§ **TASK GOAL**: Your answer should consist only of the lines from the line containing "mult.assoc mult.commute mult_1_left)" through the last line below, each repeated exactly.

(Collected data)
_ _ _ _

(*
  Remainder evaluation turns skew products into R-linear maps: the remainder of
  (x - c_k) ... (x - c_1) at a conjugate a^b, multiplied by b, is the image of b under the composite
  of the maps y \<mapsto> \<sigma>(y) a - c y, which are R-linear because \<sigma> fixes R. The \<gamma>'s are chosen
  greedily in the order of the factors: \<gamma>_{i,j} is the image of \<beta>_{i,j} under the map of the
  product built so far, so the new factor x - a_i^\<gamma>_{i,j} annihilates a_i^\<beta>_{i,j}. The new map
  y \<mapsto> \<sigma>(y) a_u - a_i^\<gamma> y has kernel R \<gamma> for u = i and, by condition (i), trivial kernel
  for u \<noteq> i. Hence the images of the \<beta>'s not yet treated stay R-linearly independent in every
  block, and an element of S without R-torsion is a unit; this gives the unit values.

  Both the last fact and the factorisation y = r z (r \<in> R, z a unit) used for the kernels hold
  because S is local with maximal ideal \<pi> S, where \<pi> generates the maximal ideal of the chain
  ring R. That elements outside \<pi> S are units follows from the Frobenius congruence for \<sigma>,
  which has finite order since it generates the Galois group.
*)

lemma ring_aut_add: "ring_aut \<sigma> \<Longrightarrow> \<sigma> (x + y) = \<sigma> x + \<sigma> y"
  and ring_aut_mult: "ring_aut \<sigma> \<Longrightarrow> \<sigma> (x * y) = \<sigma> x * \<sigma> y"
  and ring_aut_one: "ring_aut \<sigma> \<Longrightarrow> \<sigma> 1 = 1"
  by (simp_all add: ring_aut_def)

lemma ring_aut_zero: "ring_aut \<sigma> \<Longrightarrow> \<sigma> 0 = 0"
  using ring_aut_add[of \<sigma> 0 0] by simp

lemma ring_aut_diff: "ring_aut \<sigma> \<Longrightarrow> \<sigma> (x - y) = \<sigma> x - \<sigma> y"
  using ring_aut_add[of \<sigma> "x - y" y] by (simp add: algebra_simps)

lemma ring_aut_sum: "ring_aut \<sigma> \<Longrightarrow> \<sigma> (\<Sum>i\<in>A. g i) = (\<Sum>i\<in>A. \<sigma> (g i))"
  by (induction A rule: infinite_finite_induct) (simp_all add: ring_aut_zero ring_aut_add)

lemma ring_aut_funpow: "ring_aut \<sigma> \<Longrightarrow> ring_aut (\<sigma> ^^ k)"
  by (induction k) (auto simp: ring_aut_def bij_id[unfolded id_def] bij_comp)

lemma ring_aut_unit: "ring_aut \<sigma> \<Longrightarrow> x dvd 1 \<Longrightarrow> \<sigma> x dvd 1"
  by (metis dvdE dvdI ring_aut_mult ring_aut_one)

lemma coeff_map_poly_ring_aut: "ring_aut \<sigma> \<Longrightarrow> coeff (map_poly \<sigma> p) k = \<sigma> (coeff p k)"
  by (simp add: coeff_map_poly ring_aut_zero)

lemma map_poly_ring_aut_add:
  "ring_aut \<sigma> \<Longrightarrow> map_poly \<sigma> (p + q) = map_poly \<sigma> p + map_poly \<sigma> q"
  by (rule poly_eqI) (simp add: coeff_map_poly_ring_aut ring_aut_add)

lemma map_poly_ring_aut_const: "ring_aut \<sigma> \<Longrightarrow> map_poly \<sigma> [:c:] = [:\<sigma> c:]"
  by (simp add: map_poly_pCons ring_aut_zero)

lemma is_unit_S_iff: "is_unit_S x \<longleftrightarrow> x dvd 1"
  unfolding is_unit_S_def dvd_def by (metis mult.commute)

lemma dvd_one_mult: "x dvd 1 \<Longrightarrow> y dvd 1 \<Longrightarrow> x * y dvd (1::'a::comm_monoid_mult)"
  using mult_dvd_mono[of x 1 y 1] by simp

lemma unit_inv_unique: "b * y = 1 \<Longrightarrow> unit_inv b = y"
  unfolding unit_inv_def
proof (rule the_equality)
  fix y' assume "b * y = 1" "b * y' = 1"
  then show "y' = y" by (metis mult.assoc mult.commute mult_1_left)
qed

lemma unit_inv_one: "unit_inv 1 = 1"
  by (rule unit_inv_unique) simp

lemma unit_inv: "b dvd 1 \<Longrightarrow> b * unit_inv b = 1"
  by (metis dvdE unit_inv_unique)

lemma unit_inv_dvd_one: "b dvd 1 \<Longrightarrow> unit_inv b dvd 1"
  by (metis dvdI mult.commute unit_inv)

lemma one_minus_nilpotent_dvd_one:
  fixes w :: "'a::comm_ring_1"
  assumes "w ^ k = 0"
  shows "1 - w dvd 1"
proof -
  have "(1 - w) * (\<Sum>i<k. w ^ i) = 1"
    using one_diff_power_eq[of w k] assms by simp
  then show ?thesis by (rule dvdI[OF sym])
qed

_ _ _ _

§ **RESPONSE BELOW**:
  then show "y' = y" by (metis mult.assoc mult.commute mult_1_left)
qed

lemma unit_inv_one: "unit_inv 1 = 1"
  by (rule unit_inv_unique) simp

lemma unit_inv: "b dvd 1 \<Longrightarrow> b * unit_inv b = 1"
  by (metis dvdE unit_inv_unique)

lemma unit_inv_dvd_one: "b dvd 1 \<Longrightarrow> unit_inv b dvd 1"
  by (metis dvdI mult.commute unit_inv)

lemma one_minus_nilpotent_dvd_one:
  fixes w :: "'a::comm_ring_1"
  assumes "w ^ k = 0"
  shows "1 - w dvd 1"
proof -
  have "(1 - w) * (\<Sum>i<k. w ^ i) = 1"
    using one_diff_power_eq[of w k] assms by simp
  then show ?thesis by (rule dvdI[OF sym])
qed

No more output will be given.